In fact, since the BCS first rose from the formless mire in 1998, five different teams have punched their tickets to the BCS Championship game only after wild upsets knocked out one of the frontrunners on championship Saturday. From that perspective, Nebraska throwing the system into utter chaos by upsetting Texas in the Big 12 Championship isn't much more far-out than Texas A&M emerging over undefeated Kansas State or Miami undercutting UCLA in 1998, or LSU rolling over Tennessee in 2001, or UCLA and Pitt in their more recent spoiler roles. These things happen, even to undefeated, two-touchdown favorites destined from the beginning of the season for a spectacular collision with another unbeaten powerhouse in a gala championship in the Rose Bowl.

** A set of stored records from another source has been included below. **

lemma degree_le_on_reduce:
  assumes high: "\<And>U. U \<subseteq> {..<N} \<Longrightarrow> d < card U \<Longrightarrow> degree_le_on N S (card U - 1) (bit_monomial U)"
  shows "degree_le_on N S e f \<Longrightarrow> degree_le_on N S d f"
proof (induction e arbitrary: f)
  case 0
  then show ?case
    by (rule degree_le_on_mono) simp
next
  case (Suc e)
  show ?case
  proof (cases "Suc e \<le> d")
    case True
    then show ?thesis
      using Suc.prems degree_le_on_mono by blast
  next
    case False
    obtain c where c: "\<And>z. z \<in> S \<Longrightarrow> f z = (\<Sum>T\<in>subsets_card_le N (Suc e). c T * bit_monomial T z)"
      using Suc.prems unfolding degree_le_on_def by blast
    define E where "E = {T \<in> subsets_card_le N (Suc e). card T = Suc e}"
    have fin_E: "finite E"
      unfolding E_def by simp
    have split: "subsets_card_le N (Suc e) = subsets_card_le N e \<union> E" "subsets_card_le N e \<inter> E = {}"
      unfolding E_def subsets_card_le_def by auto
    have "degree_le_on N S e (\<lambda>z. \<Sum>T\<in>subsets_card_le N e. c T * bit_monomial T z)"
      unfolding degree_le_on_def by blast
    moreover have "degree_le_on N S e (\<lambda>z. \<Sum>T\<in>E. c T * bit_monomial T z)"
    proof (intro degree_le_on_sum degree_le_on_cmult)
      fix T assume "T \<in> E"
      then have "T \<subseteq> {..<N}" "card T = Suc e"
        unfolding E_def subsets_card_le_def by auto
      then show "degree_le_on N S e (bit_monomial T)"
        using high[of T] False by simp
    qed (rule fin_E)
    ultimately have "degree_le_on N S e
        (\<lambda>z. (\<Sum>T\<in>subsets_card_le N e. c T * bit_monomial T z) + (\<Sum>T\<in>E. c T * bit_monomial T z))"
      by (rule degree_le_on_add)
    then have "degree_le_on N S e f"
      by (rule degree_le_on_cong) (simp add: c split(1) sum.union_disjoint[OF _ fin_E split(2)])
    then show ?thesis
      by (rule Suc.IH)
  qed
qed

lemma bit_delta_prod:
  assumes "z \<in> carrier_vec N" "w \<in> carrier_vec N"
  shows "(\<Prod>i<N. z $ i + w $ i + 1) = (if z = w then 1 else (0::bit))"
proof (cases "z = w")
  case False
  then obtain i where i: "i < N" "z $ i \<noteq> w $ i"
    using assms by (metis carrier_vecD eq_vecI)
  then have "z $ i + w $ i + 1 = 0"
    by (cases "z $ i"; cases "w $ i") simp_all
  then show ?thesis
    using False i(1) by (metis finite_lessThan lessThan_iff prod_zero)
qed simp

lemma degree_le_on_interpolation:
  assumes S: "finite S" "S \<subseteq> carrier_vec N"
  shows "degree_le_on N S N g"
proof -
  have "degree_le_on N S N (\<lambda>z. \<Sum>w\<in>S. g w * (\<Prod>i<N. z $ i + w $ i + 1))"
  proof (intro degree_le_on_sum[OF S(1)] degree_le_on_cmult)
    fix w
    have "degree_le_on N S (\<Sum>i<N. 1) (\<lambda>z. \<Prod>i<N. z $ i + (w $ i + 1))"
      by (intro degree_le_on_prod degree_le_on_add degree_le_on_var degree_le_on_const) auto
    then show "degree_le_on N S N (\<lambda>z. \<Prod>i<N. z $ i + w $ i + 1)"
      by (simp add: add.assoc)
  qed
  then show ?thesis
  proof (rule degree_le_on_cong)
    fix z assume "z \<in> S"
    then have "(\<Sum>w\<in>S. g w * (\<Prod>i<N. z $ i + w $ i + 1)) = (\<Sum>w\<in>S. if z = w then g w else 0)"
      using S by (intro sum.cong) (auto simp: bit_delta_prod subsetD)
    also have "\<dots> = g z"
      using \<open>z \<in> S\<close> S(1) by simp
    finally show "(\<Sum>w\<in>S. g w * (\<Prod>i<N. z $ i + w $ i + 1)) = g z" .
  qed
qed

Perish the thought. But if the Longhorns do somehow fall short against the 'Huskers, the new pecking order for filling the 'Horns' slot against the Florida-Alabama winner out of the SEC looks like this:
• TCU. The Horned Frogs are the default upstart going into the weekend, sitting at No. 4 in the latest BCS rankings for the fourth week in a row, just waiting for a UT fall to make their move. Though they're first in the line of succession at the moment, there's still a potential hang-up with the computers: Even if the human voters responded by moving the Frogs to No. 2, the gap between TCU and computer favorites Florida and Alabama is too wide to make up even if the Gators and Tide lose; human pollsters will have to break overwhelmingly for the Frogs to overcome even a one-loss SEC team's advantage with the machines.

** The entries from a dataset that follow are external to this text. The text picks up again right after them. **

lemma axis_line_in_Wset:
  assumes "\<forall>r::real. r *\<^sub>R axis i 1 \<in> C1" "cone C2" "C2 \<noteq> {}" "\<bar>r\<bar> = 1"
  shows "(0, r *\<^sub>R axis i 1) \<in> Wset (prod_cone C1 C2)"
proof -
  have "0 \<in> C2" using assms(2,3) unfolding cone_def by fastforce
  then have "r *\<^sub>R axis i 1 + 0 \<in> prod_cone C1 C2"
    using assms(1) unfolding prod_cone_def by blast
  with assms(4) show ?thesis unfolding Wset_def by simp
qed

theorem mainTheorem3:
  fixes T :: "(real \<times> 'n::euclidean_space) set"
    and A :: "'q::euclidean_space set"
    and I1 :: "'m::finite set"
    and C1 C2 :: "(real^'m) set"
    and f :: "'n \<Rightarrow> 'q \<Rightarrow> 'n"
    and g :: "'m \<Rightarrow> 'n \<Rightarrow> 'n"
    and l0 :: "'n \<Rightarrow> 'q \<Rightarrow> real"
    and l1 :: "'n \<Rightarrow> real^'m \<Rightarrow> real"
    and hl1 :: "'n \<Rightarrow> real \<Rightarrow> real^'m \<Rightarrow> real"
    and \<Psi> :: "real \<times> 'n \<Rightarrow> real"
    and K :: ereal
    and xc :: 'n
    and S :: real and w0 :: "real \<Rightarrow> real" and w :: "real \<Rightarrow> real^'m" and \<alpha> :: "real \<Rightarrow> 'q"
    and y0 :: "real \<Rightarrow> real" and y :: "real \<Rightarrow> 'n" and \<beta> :: "real \<Rightarrow> real"
    and p0 :: real and p :: "real \<Rightarrow> 'n" and \<pi> :: real and lam :: real
  assumes T_closed: "closed T" and T_pos: "T \<subseteq> {z. fst z \<ge> 0}"
    and A_compact: "compact A"
    and C1_sub: "C1 \<subseteq> supp_on I1" and C1_closed: "closed C1" and C1_cone: "cone C1" and C1_ne: "C1 \<noteq> {}"
    and C1_lines: "\<forall>i\<in>I1. \<forall>r::real. r *\<^sub>R axis i 1 \<in> C1"
    and C2_sub: "C2 \<subseteq> supp_on (- I1)" and C2_closed: "closed C2" and C2_cone: "cone C2" and C2_ne: "C2 \<noteq> {}"
    and C2_noline: "\<forall>v. v \<noteq> 0 \<longrightarrow> \<not> (\<forall>r::real. r *\<^sub>R v \<in> C2)"
    and f_reg: "cont_x_partials f A"
    and g_C1: "\<forall>i. C1_map (g i)"
    and l0_reg: "cont_x_partials l0 A"
    and hl1_lim: "\<forall>x. \<forall>v0\<ge>0. \<forall>v\<in>prod_cone C1 C2.
       ((\<lambda>r. r * l1 x (inverse r *\<^sub>R v)) \<longlongrightarrow> hl1 x v0 v) (at v0 within {0<..})"
    and hl1_reg: "cont_x_partials (\<lambda>x (v0, v). hl1 x v0 v) {(v0, v). v0 \<ge> 0 \<and> v \<in> prod_cone C1 C2}"
    and Psi_C1: "C1_map \<Psi>"
    and K_pos: "K > 0"
    and extremal: "extremal_mult TYPE('M::euclidean_space) f g l0 hl1 (prod_cone C1 C2) A xc T \<Psi> K
                     S w0 w \<alpha> y0 y \<beta> p0 p \<pi> lam"
    and canon: "canonical S w0 w"
    and pi0: "\<pi> = 0"
    and ell_zero: "\<forall>s\<in>{0..S}. \<forall>i\<in>I1. \<forall>a\<in>A.
       lam * ell_e l0 hl1 (y s) 0 (axis i 1) a = 0 \<and> lam * ell_e l0 hl1 (y s) 0 (- axis i 1) a = 0"
  shows "\<forall>s\<in>{0..S}. \<forall>i\<in>I1. p s \<bullet> g i (y s) = 0"
proof (intro ballI)
  fix s i assume s: "s \<in> {0..S}" and i: "i \<in> I1"
  let ?C = "prod_cone C1 C2"
  have process: "st_process f g ?C A xc S w0 w \<alpha> y0 y \<beta>"
    and Hmax_zero: "Hmax f g l0 hl1 ?C A (y s) p0 (p s) \<pi> lam = 0"
    using extremal s unfolding extremal_mult_def by blast+
  have "AE t in lebesgue_on {0..S}. \<alpha> t \<in> A" and "0 < S"
    using process unfolding st_process_def by (auto elim: AE_mp)
  then obtain a where a: "a \<in> A" using AE_lebesgue_on_interval_ex by blast
  have Ham_le_0: "r * (p s \<bullet> g i (y s)) \<le> 0"
    if "\<bar>r\<bar> = 1" "lam * ell_e l0 hl1 (y s) 0 (r *\<^sub>R axis i 1) a = 0" for r :: real
  proof -
    have "Ham f g l0 hl1 (y s) p0 (p s) \<pi> lam 0 (r *\<^sub>R axis i 1) a
            \<le> Hmax f g l0 hl1 ?C A (y s) p0 (p s) \<pi> lam"
      by (rule Ham_le_Hmax[OF A_compact closed_prod_cone[OF C1_closed C1_sub C2_closed C2_sub]
            cont_x_partials_continuous_on_slice[OF f_reg] cont_x_partials_continuous_on_slice[OF l0_reg]
            cont_x_partials_continuous_on_slice[OF hl1_reg]
            axis_line_in_Wset[OF bspec[OF C1_lines i] C2_cone C2_ne that(1)] a])
    with that(2) Hmax_zero pi0 show ?thesis by (auto simp: Ham_impulse_axis)
  qed
  have "p s \<bullet> g i (y s) \<le> 0" "- (p s \<bullet> g i (y s)) \<le> 0"
    using Ham_le_0[of 1] Ham_le_0[of "-1"] ell_zero s i a by auto
  then show "p s \<bullet> g i (y s) = 0" by simp
qed

end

• Cincinnati. On that note, the computers like Cincy, collectively ranking the Bearcats ahead of Texas already and putting the Bama-Florida loser in sight as UC prepares for the perfect opening to impress the human voters: On national television, against a ranked opponent with the conference championship on the line. TCU can't do anything to offset another Cincy air show in Pittsburgh, which could earn the 'Cats enough human converts to lift them above TCU and on to Pasadena if Texas bites it.

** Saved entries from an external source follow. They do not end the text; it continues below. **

lemma diffusion_exp_sums:
  "(\<integral>x. x * deriv f x * deriv g x \<partial>\<nu>) = (\<Sum>l\<in>S. \<Sum>m\<in>T. c l * d m * (l * m * laplace_moment (l+m)))"
proof -
  have "x * deriv f x * deriv g x = (\<Sum>l\<in>S. \<Sum>m\<in>T. c l * d m * (l * m * (x * exp (-((l+m)*x)))))" for x
    unfolding f g deriv_exp_sum[OF S(1)] deriv_exp_sum[OF T(1)] mult.assoc
    unfolding sum_product unfolding sum_distrib_left
    by (intro sum.cong refl) (simp add: algebra_simps flip: exp_add)
  moreover have "has_bochner_integral \<nu>
      (\<lambda>x. \<Sum>l\<in>S. \<Sum>m\<in>T. c l * d m * (l * m * (x * exp (-((l+m)*x)))))
      (\<Sum>l\<in>S. \<Sum>m\<in>T. c l * d m * (l * m * laplace_moment (l+m)))"
    using S T by (intro has_bochner_integral_sum has_bochner_integral_mult_right
        has_bochner_integral_laplace_moment) auto
  ultimately show ?thesis by (simp add: has_bochner_integral_integral_eq)
qed

lemma jump_exp_sums:
  "(\<integral>x. x * (\<integral>y. deriv f (x + y) * (g (x + y) - g x) \<partial>ntilde n) \<partial>\<nu>)
    = (\<Sum>l\<in>S. \<Sum>m\<in>T. c l * d m * (l * (tail_levy (l+m) - tail_levy l) * laplace_moment (l+m)))"
proof -
  have pw: "deriv f (x + y) * (g (x + y) - g x) = (\<Sum>l\<in>S. \<Sum>m\<in>T. c l * d m * (- l * exp (-((l+m)*x)))
      * ((1 - exp (-(l*y))) - (1 - exp (-((l+m)*y)))))" for x y
    unfolding f g deriv_exp_sum[OF S(1)] sum_subtractf[symmetric] sum_product
    by (intro sum.cong refl) (simp add: algebra_simps flip: exp_add)
  have inner: "x * (\<integral>y. deriv f (x + y) * (g (x + y) - g x) \<partial>ntilde n)
      = (\<Sum>l\<in>S. \<Sum>m\<in>T. c l * d m * (l * (tail_levy (l+m) - tail_levy l) * (x * exp (-((l+m)*x)))))" for x
  proof -
    have "has_bochner_integral (ntilde n) (\<lambda>y. deriv f (x + y) * (g (x + y) - g x))
        (\<Sum>l\<in>S. \<Sum>m\<in>T. c l * d m * (- l * exp (-((l+m)*x))) * (tail_levy l - tail_levy (l+m)))"
      unfolding pw using S T by (intro has_bochner_integral_sum has_bochner_integral_mult_right
          has_bochner_integral_tail_levy_diff) auto
    then show ?thesis
      by (simp add: has_bochner_integral_integral_eq sum_distrib_left algebra_simps)
  qed
  have "has_bochner_integral \<nu>
      (\<lambda>x. \<Sum>l\<in>S. \<Sum>m\<in>T. c l * d m * (l * (tail_levy (l+m) - tail_levy l) * (x * exp (-((l+m)*x)))))
      (\<Sum>l\<in>S. \<Sum>m\<in>T. c l * d m * (l * (tail_levy (l+m) - tail_levy l) * laplace_moment (l+m)))"
    using S T by (intro has_bochner_integral_sum has_bochner_integral_mult_right
        has_bochner_integral_laplace_moment) auto
  then show ?thesis unfolding inner by (simp add: has_bochner_integral_integral_eq)
qed

end

end

theorem proposition3p2:
  fixes a b \<delta> :: real and n \<nu> :: "real measure"
  assumes a: "a \<ge> 0" and b: "b \<ge> 0"
    and n_sets: "sets n = sets borel" and n_supp: "emeasure n {..0} = 0"
    and n_int: "(\<integral>\<^sup>+ y. ennreal (min (y\<^sup>2) y) \<partial>n) < \<infinity>"
    and Phi1: "Phi a b n 1 < \<infinity>"
    and delta: "\<delta> > 0"
    and nu_prob: "prob_space \<nu>" and nu_sets: "sets \<nu> = sets borel"
    and nu_supp: "emeasure \<nu> {..<0} = 0"
    and nu_laplace: "\<And>lam. lam \<ge> 0 \<Longrightarrow>
        (\<integral> x. exp (- lam * x) \<partial>\<nu>) = exp (- \<delta> * enn2real (Phi a b n lam))"
    and f: "f \<in> F0" and g: "g \<in> F0"
  shows "dirichlet a b n \<delta> \<nu> f g =
           a * (\<integral> x. x * deriv f x * deriv g x \<partial>\<nu>)
         + (\<integral> x. x * (\<integral> y. deriv f (x + y) * (g (x + y) - g x) \<partial>ntilde n) \<partial>\<nu>)"
proof -
  interpret C: cbci_stationary a b n \<delta> \<nu>
    by (intro cbci_stationary.intro cbci_Phi_finite.intro cbci_mechanism.intro
        cbci_Phi_finite_axioms.intro cbci_stationary_axioms.intro) (fact assms)+
  from f obtain S c where S: "finite S" "S \<subseteq> {0..}" and fS: "f = (\<lambda>x. \<Sum>l\<in>S. c l * exp (- l * x))"
    unfolding F0_def by blast
  from g obtain T d where T: "finite T" "T \<subseteq> {0..}" and gT: "g = (\<lambda>x. \<Sum>m\<in>T. d m * exp (- m * x))"
    unfolding F0_def by blast
  have "dirichlet a b n \<delta> \<nu> f g
      = (\<Sum>l\<in>S. \<Sum>m\<in>T. c l * d m * (l * (C.phi (l+m) - C.phi l) * C.laplace_moment (l+m)))"
    by (rule C.dirichlet_exp_sums[OF S T fS gT])
  also have "\<dots> = a * (\<Sum>l\<in>S. \<Sum>m\<in>T. c l * d m * (l * m * C.laplace_moment (l+m)))
      + (\<Sum>l\<in>S. \<Sum>m\<in>T. c l * d m * (l * (C.tail_levy (l+m) - C.tail_levy l) * C.laplace_moment (l+m)))"
    by (simp add: C.phi_def sum_distrib_left sum.distrib[symmetric] algebra_simps)
  also have "\<dots> = a * (\<integral> x. x * deriv f x * deriv g x \<partial>\<nu>)
      + (\<integral> x. x * (\<integral> y. deriv f (x + y) * (g (x + y) - g x) \<partial>ntilde n) \<partial>\<nu>)"
    by (simp only: C.diffusion_exp_sums[OF S T fS gT] C.jump_exp_sums[OF S T fS gT])
  finally show ?thesis .
qed

end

• S-E-C! S-E-C! The riot-in-the-streets scenario, as mentioned here Tuesday, is a close enough, dramatic enough classic between Alabama and Florida in Atlanta that leaves that pundits calling for an encore. It wasn't a majority, but plenty of people were arguing for an Ohio State-Michigan rematch after the Buckeyes' season-ending win over the Wolverines in 2006 and the subsequent void created by USC's stunning loss two weeks later. Then, voters had another equally attractive, powerhouse option (Florida) to match up with the Buckeyes instead, and everyone seems to generally agree the rematch idea was a terrible one.
Obviously, neither TCU nor Cincinnati fits the description of an "attractive, powerhouse option." Interlopers from the Mountain West and Big East don't tend to inspire visions of pageantry and clarion calls and enormous ratings we expect from the game's biggest stage, and there's a good chance the computers will still favor the loser of the SEC Championship over one of the unbeaten small fries. If enough human voters turn their noses up at the Frogs and Bearcats, too, or if there's a significant split between which Cinderella the voters favor, the Return of FloraBamageddon: Pasadena is very much on the table, unfortunately.
But that's only if Texas creates that void by losing to Nebraska, which it won't. Of course it won't. That would ruin everything. Just take care of your business, 'Horns, and we can finally cast the vagabonds aside, once and for all.